══ DATA SECTION ══
lemma fst_stage_circuit:
  assumes "i < n" "v i \<or> w i"
  shows "fst (apply_circuit (stage_circuit n v w i) p) k =
    (if k = i then parity {..<n} (dot_at v w p)
     else if k < n \<and> (v k \<or> w k) then dot_at v w p k else fst p k)"
proof -
  let ?js = "filter (\<lambda>j. j \<noteq> i \<and> (v j \<or> w j)) [0..<n]"
  define p1 where "p1 = fold conj_gate (concat (map (basis_change v w) [0..<n])) p"
  have fst_p1: "fst p1 j = (if j < n \<and> (v j \<or> w j) then dot_at v w p j else fst p j)" for j
    unfolding p1_def by (subst fst_basis_changes) auto
  have "fst (apply_circuit (stage_circuit n v w i) p) =
      (fst p1)(i := (fst p1 i \<noteq> parity (set ?js) (fst p1)))"
    unfolding apply_circuit_def stage_circuit_eq fold_append comp_def p1_def[symmetric]
    by (rule fst_cnots) auto
  moreover have "(fst p1 i \<noteq> parity (set ?js) (fst p1)) = parity {..<n} (dot_at v w p)"
  proof -
    have "parity {..<n} (dot_at v w p) = (parity ({..<n} - {i}) (dot_at v w p) \<noteq> dot_at v w p i)"
      using parity_remove[of "{..<n}" i] assms(1) by simp
    moreover have "parity ({..<n} - {i}) (dot_at v w p) = parity (set ?js) (fst p1)"
      by (rule trans[OF parity_subset_support parity_cong]) (auto simp: fst_p1 dot_at_def)
    ultimately show ?thesis using fst_p1[of i] assms by auto
  qed
  ultimately show ?thesis using fst_p1 by simp
qed

lemma remaining_stage_circuit:
  assumes R: "R = remaining n P" and vw: "\<forall>j. j \<notin> R \<longrightarrow> \<not> v j \<and> \<not> w j"
    and null: "null_vec R P v w" and i: "i \<in> R" "v i \<or> w i"
  shows "remaining n (apply_circuit (stage_circuit n v w i) ` P) \<subseteq> R - {i}"
proof
  fix k assume "k \<in> remaining n (apply_circuit (stage_circuit n v w i) ` P)"
  then obtain p where p: "p \<in> P" "k < n" "fst (apply_circuit (stage_circuit n v w i) p) k"
    by (auto simp: remaining_def)
  have Rn: "R \<subseteq> {..<n}" using R by (auto simp: remaining_def)
  have "\<not> parity {..<n} (dot_at v w p)"
  proof -
    have "parity {..<n} (dot_at v w p) = parity R (dot_at v w p)"
      using Rn vw by (intro parity_subset_support) (auto simp: dot_at_def)
    also have "\<dots> = parity R (\<lambda>j. (fst p j \<and> v j) \<noteq> (snd p j \<and> w j))"
      by (rule parity_cong) (auto simp: dot_at_def)
    also have "\<dots> = (parity R (\<lambda>j. fst p j \<and> v j) \<noteq> parity R (\<lambda>j. snd p j \<and> w j))"
      using Rn by (intro parity_xor) (simp add: finite_subset)
    finally show ?thesis using null p(1) by (simp add: null_vec_def parity_def)
  qed
  moreover have "\<not> fst p k" if "k \<notin> R" using that p R by (auto simp: remaining_def)
  moreover have "i < n" using i(1) Rn by auto
  ultimately show "k \<in> R - {i}"
    using p(3) fst_stage_circuit[of i n v w p k] \<open>i < n\<close> i(2) vw by (cases "k = i") auto
qed

text \<open>Off the remaining qubits every operator is diagonal, so no anticommutation is
  lost by restricting to them.\<close>
lemma isotropic_restrict_remaining:
  assumes "isotropic {..<n} P"
  shows "isotropic (remaining n P) (restrict (remaining n P) ` P)"
  unfolding isotropic_def
proof (intro ballI)
  let ?R = "remaining n P"
  fix a b assume "a \<in> restrict ?R ` P" "b \<in> restrict ?R ` P"
  then obtain p q where pq: "p \<in> P" "q \<in> P" "a = restrict ?R p" "b = restrict ?R q" by blast
  have "symplectic ?R a b = symplectic ?R p q"
    unfolding symplectic_def pq by (rule parity_cong) (auto simp: symplectic_at_def restrict_def)
  also have "\<dots> = symplectic {..<n} p q"
    unfolding symplectic_def using pq(1,2)
    by (intro parity_subset_support[symmetric]) (auto simp: remaining_def symplectic_at_def)
  finally show "\<not> symplectic ?R a b" using assms pq(1,2) by (simp add: isotropic_def)
qed

lemma f2_rank_stage_le_remaining:
  assumes "isotropic {..<n} P"
  shows "f2_rank (restrict (remaining n P) ` P) \<le> card (remaining n P)"
proof (rule f2_rank_isotropic_le)
  show "finite (remaining n P)" by (simp add: remaining_def)
  show "\<forall>p\<in>restrict (remaining n P) ` P. supported (remaining n P) p"
    by (auto simp: supported_def restrict_def)
qed (rule isotropic_restrict_remaining[OF assms])

text \<open>A stage on m remaining qubits uses at most min k (m div 2) CNOTs and leaves
  fewer than m qubits.\<close>
fun cnot_budget :: "nat \<Rightarrow> nat \<Rightarrow> nat" where
  "cnot_budget k 0 = 0"
| "cnot_budget k (Suc m) = cnot_budget k m + min k (Suc m div 2)"

lemma cnot_budget_mono: "m \<le> m' \<Longrightarrow> cnot_budget k m \<le> cnot_budget k m'"
  by (rule lift_Suc_mono_le[of "cnot_budget k"]) auto

lemma cnot_budget_double: "j \<le> k \<Longrightarrow> cnot_budget k (2 * j) = j * j"
  by (induction j) auto

lemma cnot_budget_closed_form: "2 * k \<le> m \<Longrightarrow> cnot_budget k m + k * k = m * k"
proof (induction m)
  case (Suc m)
  show ?case
  proof (cases "2 * k \<le> m")
    case True
    then show ?thesis using Suc by simp
  next
    case False
    then have "Suc m = 2 * k" using Suc.prems by simp
    then show ?thesis using cnot_budget_double[of k k] by simp
  qed
qed simp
═══
*ASSIGNED TASK:* Write out the records. Leave nothing out and change nothing.

*EXPECTED OUTPUT:*
lemma fst_stage_circuit:
  assumes "i < n" "v i \<or> w i"
  shows "fst (apply_circuit (stage_circuit n v w i) p) k =
    (if k = i then parity {..<n} (dot_at v w p)
     else if k < n \<and> (v k \<or> w k) then dot_at v w p k else fst p k)"
proof -
  let ?js = "filter (\<lambda>j. j \<noteq> i \<and> (v j \<or> w j)) [0..<n]"
  define p1 where "p1 = fold conj_gate (concat (map (basis_change v w) [0..<n])) p"
  have fst_p1: "fst p1 j = (if j < n \<and> (v j \<or> w j) then dot_at v w p j else fst p j)" for j
    unfolding p1_def by (subst fst_basis_changes) auto
  have "fst (apply_circuit (stage_circuit n v w i) p) =
      (fst p1)(i := (fst p1 i \<noteq> parity (set ?js) (fst p1)))"
    unfolding apply_circuit_def stage_circuit_eq fold_append comp_def p1_def[symmetric]
    by (rule fst_cnots) auto
  moreover have "(fst p1 i \<noteq> parity (set ?js) (fst p1)) = parity {..<n} (dot_at v w p)"
  proof -
    have "parity {..<n} (dot_at v w p) = (parity ({..<n} - {i}) (dot_at v w p) \<noteq> dot_at v w p i)"
      using parity_remove[of "{..<n}" i] assms(1) by simp
    moreover have "parity ({..<n} - {i}) (dot_at v w p) = parity (set ?js) (fst p1)"
      by (rule trans[OF parity_subset_support parity_cong]) (auto simp: fst_p1 dot_at_def)
    ultimately show ?thesis using fst_p1[of i] assms by auto
  qed
  ultimately show ?thesis using fst_p1 by simp
qed

lemma remaining_stage_circuit:
  assumes R: "R = remaining n P" and vw: "\<forall>j. j \<notin> R \<longrightarrow> \<not> v j \<and> \<not> w j"
    and null: "null_vec R P v w" and i: "i \<in> R" "v i \<or> w i"
  shows "remaining n (apply_circuit (stage_circuit n v w i) ` P) \<subseteq> R - {i}"
proof
  fix k assume "k \<in> remaining n (apply_circuit (stage_circuit n v w i) ` P)"
  then obtain p where p: "p \<in> P" "k < n" "fst (apply_circuit (stage_circuit n v w i) p) k"
    by (auto simp: remaining_def)
  have Rn: "R \<subseteq> {..<n}" using R by (auto simp: remaining_def)
  have "\<not> parity {..<n} (dot_at v w p)"
  proof -
    have "parity {..<n} (dot_at v w p) = parity R (dot_at v w p)"
      using Rn vw by (intro parity_subset_support) (auto simp: dot_at_def)
    also have "\<dots> = parity R (\<lambda>j. (fst p j \<and> v j) \<noteq> (snd p j \<and> w j))"
      by (rule parity_cong) (auto simp: dot_at_def)
    also have "\<dots> = (parity R (\<lambda>j. fst p j \<and> v j) \<noteq> parity R (\<lambda>j. snd p j \<and> w j))"
      using Rn by (intro parity_xor) (simp add: finite_subset)
    finally show ?thesis using null p(1) by (simp add: null_vec_def parity_def)
  qed
  moreover have "\<not> fst p k" if "k \<notin> R" using that p R by (auto simp: remaining_def)
  moreover have "i < n" using i(1) Rn by auto
  ultimately show "k \<in> R - {i}"
    using p(3) fst_stage_circuit[of i n v w p k] \<open>i < n\<close> i(2) vw by (cases "k = i") auto
qed

text \<open>Off the remaining qubits every operator is diagonal, so no anticommutation is
  lost by restricting to them.\<close>
lemma isotropic_restrict_remaining:
  assumes "isotropic {..<n} P"
  shows "isotropic (remaining n P) (restrict (remaining n P) ` P)"
  unfolding isotropic_def
proof (intro ballI)
  let ?R = "remaining n P"
  fix a b assume "a \<in> restrict ?R ` P" "b \<in> restrict ?R ` P"
  then obtain p q where pq: "p \<in> P" "q \<in> P" "a = restrict ?R p" "b = restrict ?R q" by blast
  have "symplectic ?R a b = symplectic ?R p q"
    unfolding symplectic_def pq by (rule parity_cong) (auto simp: symplectic_at_def restrict_def)
  also have "\<dots> = symplectic {..<n} p q"
    unfolding symplectic_def using pq(1,2)
    by (intro parity_subset_support[symmetric]) (auto simp: remaining_def symplectic_at_def)
  finally show "\<not> symplectic ?R a b" using assms pq(1,2) by (simp add: isotropic_def)
qed

lemma f2_rank_stage_le_remaining:
  assumes "isotropic {..<n} P"
  shows "f2_rank (restrict (remaining n P) ` P) \<le> card (remaining n P)"
proof (rule f2_rank_isotropic_le)
  show "finite (remaining n P)" by (simp add: remaining_def)
  show "\<forall>p\<in>restrict (remaining n P) ` P. supported (remaining n P) p"
    by (auto simp: supported_def restrict_def)
qed (rule isotropic_restrict_remaining[OF assms])

text \<open>A stage on m remaining qubits uses at most min k (m div 2) CNOTs and leaves
  fewer than m qubits.\<close>
fun cnot_budget :: "nat \<Rightarrow> nat \<Rightarrow> nat" where
  "cnot_budget k 0 = 0"
| "cnot_budget k (Suc m) = cnot_budget k m + min k (Suc m div 2)"

lemma cnot_budget_mono: "m \<le> m' \<Longrightarrow> cnot_budget k m \<le> cnot_budget k m'"
  by (rule lift_Suc_mono_le[of "cnot_budget k"]) auto

lemma cnot_budget_double: "j \<le> k \<Longrightarrow> cnot_budget k (2 * j) = j * j"
  by (induction j) auto

lemma cnot_budget_closed_form: "2 * k \<le> m \<Longrightarrow> cnot_budget k m + k * k = m * k"
proof (induction m)
  case (Suc m)
  show ?case
  proof (cases "2 * k \<le> m")
    case True
    then show ?thesis using Suc by simp
  next
    case False
    then have "Suc m = 2 * k" using Suc.prems by simp
    then show ?thesis using cnot_budget_double[of k k] by simp
  qed
qed simp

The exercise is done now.